[Collected data]

= Beginning of Section =

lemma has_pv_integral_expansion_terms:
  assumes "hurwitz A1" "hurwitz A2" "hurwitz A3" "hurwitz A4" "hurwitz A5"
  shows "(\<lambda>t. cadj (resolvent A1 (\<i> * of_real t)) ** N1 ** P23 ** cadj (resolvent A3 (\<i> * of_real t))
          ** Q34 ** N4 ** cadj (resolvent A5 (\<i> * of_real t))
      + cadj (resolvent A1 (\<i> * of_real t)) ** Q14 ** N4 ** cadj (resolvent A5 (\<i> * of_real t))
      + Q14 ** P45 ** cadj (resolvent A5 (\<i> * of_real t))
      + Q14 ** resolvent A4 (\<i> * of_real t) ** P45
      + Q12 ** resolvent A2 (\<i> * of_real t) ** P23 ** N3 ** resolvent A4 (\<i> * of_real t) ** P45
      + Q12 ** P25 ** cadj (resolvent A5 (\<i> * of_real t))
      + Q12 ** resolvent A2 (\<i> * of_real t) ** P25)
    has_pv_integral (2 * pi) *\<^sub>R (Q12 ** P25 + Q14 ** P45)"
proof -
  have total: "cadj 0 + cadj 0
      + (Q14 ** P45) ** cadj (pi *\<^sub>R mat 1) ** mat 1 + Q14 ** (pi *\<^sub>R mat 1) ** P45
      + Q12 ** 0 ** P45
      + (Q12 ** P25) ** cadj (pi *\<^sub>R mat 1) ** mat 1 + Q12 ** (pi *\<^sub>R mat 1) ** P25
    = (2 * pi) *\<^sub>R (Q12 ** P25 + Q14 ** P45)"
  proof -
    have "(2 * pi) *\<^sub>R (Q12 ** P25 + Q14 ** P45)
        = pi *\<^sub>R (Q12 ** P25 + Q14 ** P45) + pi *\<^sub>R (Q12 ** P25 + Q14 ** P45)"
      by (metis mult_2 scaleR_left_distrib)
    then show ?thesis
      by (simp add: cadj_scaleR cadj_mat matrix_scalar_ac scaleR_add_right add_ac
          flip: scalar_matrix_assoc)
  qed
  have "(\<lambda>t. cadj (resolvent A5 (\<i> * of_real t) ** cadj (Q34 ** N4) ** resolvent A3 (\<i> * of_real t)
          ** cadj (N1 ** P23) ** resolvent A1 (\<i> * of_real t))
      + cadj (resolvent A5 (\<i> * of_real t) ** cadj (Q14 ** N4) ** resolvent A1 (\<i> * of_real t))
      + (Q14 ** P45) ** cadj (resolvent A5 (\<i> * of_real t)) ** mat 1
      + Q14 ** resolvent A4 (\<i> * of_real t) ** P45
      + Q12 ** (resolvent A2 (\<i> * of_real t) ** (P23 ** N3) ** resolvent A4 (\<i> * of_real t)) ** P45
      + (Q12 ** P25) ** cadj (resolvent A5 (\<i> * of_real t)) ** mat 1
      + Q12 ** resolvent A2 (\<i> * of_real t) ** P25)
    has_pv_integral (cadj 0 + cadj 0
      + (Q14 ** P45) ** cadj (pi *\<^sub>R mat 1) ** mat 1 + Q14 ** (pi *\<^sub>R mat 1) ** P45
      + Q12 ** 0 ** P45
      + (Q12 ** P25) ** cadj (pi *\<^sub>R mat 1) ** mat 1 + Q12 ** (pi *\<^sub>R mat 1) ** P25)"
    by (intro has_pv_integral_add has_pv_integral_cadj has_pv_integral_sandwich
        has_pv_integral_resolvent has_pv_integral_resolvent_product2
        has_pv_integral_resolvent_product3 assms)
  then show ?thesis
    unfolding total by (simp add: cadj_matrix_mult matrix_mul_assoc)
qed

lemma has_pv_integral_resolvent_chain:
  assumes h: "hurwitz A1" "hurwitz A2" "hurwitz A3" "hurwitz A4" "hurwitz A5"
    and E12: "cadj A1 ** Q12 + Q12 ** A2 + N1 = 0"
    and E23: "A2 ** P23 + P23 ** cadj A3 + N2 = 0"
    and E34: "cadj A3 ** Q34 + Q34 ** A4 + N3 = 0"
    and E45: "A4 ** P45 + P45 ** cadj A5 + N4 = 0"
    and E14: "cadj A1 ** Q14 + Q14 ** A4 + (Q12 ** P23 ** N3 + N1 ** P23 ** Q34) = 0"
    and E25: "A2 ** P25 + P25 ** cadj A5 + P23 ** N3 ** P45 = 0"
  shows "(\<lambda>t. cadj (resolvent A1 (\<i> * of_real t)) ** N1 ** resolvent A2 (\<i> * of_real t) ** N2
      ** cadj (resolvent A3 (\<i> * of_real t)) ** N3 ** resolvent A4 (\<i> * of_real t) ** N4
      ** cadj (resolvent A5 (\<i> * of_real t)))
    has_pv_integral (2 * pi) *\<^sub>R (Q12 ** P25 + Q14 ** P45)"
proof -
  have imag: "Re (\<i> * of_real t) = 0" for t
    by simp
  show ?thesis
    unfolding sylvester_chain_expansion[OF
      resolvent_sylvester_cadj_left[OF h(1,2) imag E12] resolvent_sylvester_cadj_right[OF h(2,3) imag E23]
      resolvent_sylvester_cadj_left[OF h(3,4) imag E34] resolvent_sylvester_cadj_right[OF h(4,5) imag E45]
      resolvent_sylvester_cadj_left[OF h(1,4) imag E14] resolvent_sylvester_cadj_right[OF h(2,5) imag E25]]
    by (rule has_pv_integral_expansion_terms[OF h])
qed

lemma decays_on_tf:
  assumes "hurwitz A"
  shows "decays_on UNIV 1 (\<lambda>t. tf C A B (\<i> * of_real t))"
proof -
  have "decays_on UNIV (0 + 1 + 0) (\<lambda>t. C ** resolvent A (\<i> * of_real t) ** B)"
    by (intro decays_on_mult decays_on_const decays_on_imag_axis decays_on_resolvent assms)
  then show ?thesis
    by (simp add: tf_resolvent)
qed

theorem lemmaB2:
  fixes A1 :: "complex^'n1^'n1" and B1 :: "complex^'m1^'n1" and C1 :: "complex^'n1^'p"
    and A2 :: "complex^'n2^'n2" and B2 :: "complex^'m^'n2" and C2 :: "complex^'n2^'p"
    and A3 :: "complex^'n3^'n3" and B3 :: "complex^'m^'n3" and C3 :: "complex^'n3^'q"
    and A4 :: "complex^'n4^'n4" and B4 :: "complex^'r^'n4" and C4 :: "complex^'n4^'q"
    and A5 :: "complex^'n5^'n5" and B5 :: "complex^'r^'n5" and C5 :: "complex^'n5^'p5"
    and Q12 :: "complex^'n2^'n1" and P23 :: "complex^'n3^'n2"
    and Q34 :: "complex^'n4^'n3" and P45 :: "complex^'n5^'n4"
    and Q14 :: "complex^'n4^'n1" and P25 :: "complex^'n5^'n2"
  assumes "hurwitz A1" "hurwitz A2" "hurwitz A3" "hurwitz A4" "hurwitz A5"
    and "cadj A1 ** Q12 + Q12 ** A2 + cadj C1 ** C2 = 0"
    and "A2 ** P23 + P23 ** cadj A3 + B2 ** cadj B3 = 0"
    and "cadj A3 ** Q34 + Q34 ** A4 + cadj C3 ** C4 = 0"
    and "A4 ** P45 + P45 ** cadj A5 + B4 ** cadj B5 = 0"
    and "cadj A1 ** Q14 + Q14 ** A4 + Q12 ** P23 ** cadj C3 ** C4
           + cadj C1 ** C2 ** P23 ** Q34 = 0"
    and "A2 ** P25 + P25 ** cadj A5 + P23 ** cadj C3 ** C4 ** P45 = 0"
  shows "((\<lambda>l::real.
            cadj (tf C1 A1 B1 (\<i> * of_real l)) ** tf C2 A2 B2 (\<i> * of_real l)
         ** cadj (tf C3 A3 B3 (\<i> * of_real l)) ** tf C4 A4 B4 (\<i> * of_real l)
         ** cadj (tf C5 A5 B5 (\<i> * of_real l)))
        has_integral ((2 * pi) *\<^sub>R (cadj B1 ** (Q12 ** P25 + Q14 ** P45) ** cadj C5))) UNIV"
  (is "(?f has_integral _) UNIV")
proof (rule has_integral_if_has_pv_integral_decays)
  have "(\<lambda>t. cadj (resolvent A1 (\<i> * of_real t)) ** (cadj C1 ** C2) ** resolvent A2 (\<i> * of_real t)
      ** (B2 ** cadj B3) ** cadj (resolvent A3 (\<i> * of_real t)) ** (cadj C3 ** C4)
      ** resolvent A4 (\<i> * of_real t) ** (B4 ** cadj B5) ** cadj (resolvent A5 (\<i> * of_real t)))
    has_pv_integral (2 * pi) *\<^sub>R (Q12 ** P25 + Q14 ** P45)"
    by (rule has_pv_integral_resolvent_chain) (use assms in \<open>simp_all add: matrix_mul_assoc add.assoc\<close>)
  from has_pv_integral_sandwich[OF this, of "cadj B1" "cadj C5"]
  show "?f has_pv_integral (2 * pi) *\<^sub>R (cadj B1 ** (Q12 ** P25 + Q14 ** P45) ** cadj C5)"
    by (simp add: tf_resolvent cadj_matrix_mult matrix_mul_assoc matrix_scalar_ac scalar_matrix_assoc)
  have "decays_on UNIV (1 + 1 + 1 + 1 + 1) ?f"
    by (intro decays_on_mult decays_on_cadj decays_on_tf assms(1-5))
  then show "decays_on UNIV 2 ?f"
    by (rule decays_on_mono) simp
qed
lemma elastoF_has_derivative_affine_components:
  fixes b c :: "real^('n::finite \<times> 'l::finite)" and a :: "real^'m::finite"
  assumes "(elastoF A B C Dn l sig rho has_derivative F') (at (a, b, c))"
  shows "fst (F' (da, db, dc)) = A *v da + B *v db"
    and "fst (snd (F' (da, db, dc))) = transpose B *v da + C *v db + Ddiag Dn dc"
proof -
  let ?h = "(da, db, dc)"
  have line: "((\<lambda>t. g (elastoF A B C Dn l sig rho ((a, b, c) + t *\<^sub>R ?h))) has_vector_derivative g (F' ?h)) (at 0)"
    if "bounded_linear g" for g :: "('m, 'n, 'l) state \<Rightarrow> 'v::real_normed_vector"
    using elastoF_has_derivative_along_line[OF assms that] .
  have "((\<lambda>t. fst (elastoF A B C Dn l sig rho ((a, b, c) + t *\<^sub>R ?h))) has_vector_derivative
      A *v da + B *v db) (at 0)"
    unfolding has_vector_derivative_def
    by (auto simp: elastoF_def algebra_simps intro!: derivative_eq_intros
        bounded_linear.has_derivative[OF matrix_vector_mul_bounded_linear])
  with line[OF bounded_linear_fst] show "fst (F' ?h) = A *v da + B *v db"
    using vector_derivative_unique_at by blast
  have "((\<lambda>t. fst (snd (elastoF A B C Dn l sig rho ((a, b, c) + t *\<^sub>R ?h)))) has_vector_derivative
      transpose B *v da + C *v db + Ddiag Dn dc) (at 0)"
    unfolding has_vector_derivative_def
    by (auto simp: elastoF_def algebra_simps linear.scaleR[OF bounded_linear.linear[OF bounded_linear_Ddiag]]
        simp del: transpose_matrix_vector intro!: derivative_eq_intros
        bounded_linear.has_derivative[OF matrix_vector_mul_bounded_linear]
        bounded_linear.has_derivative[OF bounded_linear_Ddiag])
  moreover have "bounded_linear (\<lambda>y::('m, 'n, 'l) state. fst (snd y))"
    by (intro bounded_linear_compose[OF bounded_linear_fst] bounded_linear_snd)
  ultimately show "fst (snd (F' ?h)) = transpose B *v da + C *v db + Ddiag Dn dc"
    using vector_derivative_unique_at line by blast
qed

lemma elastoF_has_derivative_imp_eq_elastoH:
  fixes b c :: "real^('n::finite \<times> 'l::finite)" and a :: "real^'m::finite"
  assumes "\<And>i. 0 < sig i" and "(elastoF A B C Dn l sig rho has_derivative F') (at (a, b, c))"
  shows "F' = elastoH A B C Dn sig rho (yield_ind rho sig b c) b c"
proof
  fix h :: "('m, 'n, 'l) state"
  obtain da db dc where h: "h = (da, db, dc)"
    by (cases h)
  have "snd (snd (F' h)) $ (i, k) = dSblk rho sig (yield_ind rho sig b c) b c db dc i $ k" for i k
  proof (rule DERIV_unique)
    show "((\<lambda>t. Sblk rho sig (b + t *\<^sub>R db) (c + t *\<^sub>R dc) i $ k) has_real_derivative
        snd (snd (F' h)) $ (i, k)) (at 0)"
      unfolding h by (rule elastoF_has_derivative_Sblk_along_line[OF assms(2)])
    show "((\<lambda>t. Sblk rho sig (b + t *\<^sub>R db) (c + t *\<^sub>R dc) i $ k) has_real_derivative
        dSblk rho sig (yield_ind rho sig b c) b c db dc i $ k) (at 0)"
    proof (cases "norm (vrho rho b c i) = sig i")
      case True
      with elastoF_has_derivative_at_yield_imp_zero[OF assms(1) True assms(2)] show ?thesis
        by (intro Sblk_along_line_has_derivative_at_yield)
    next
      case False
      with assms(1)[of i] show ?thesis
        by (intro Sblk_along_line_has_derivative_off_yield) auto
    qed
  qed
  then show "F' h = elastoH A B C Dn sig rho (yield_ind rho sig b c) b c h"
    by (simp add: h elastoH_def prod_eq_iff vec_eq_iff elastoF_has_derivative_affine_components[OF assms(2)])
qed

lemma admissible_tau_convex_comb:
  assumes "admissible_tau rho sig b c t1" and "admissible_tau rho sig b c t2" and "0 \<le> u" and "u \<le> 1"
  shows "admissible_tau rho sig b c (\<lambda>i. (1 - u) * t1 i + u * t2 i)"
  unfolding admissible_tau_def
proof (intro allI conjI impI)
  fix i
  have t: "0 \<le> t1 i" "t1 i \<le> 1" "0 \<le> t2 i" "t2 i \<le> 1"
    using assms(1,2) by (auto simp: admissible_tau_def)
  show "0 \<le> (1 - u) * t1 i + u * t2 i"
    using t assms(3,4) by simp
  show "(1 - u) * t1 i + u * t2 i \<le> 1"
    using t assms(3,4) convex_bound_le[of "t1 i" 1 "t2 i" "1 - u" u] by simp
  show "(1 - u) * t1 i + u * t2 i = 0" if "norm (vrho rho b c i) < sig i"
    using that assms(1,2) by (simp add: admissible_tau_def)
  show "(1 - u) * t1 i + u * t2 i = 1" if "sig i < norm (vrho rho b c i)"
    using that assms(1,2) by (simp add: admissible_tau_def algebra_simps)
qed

= End of Section =

INSTRUCTIONS TO FOLLOW: Search the records for the word "proof" and return every line that holds it.

EXPECTED ANSWER:
proof -
  proof -
proof -
proof -
proof (rule has_integral_if_has_pv_integral_decays)
proof -
proof
  proof (rule DERIV_unique)
    proof (cases "norm (vrho rho b c i) = sig i")
proof (intro allI conjI impI)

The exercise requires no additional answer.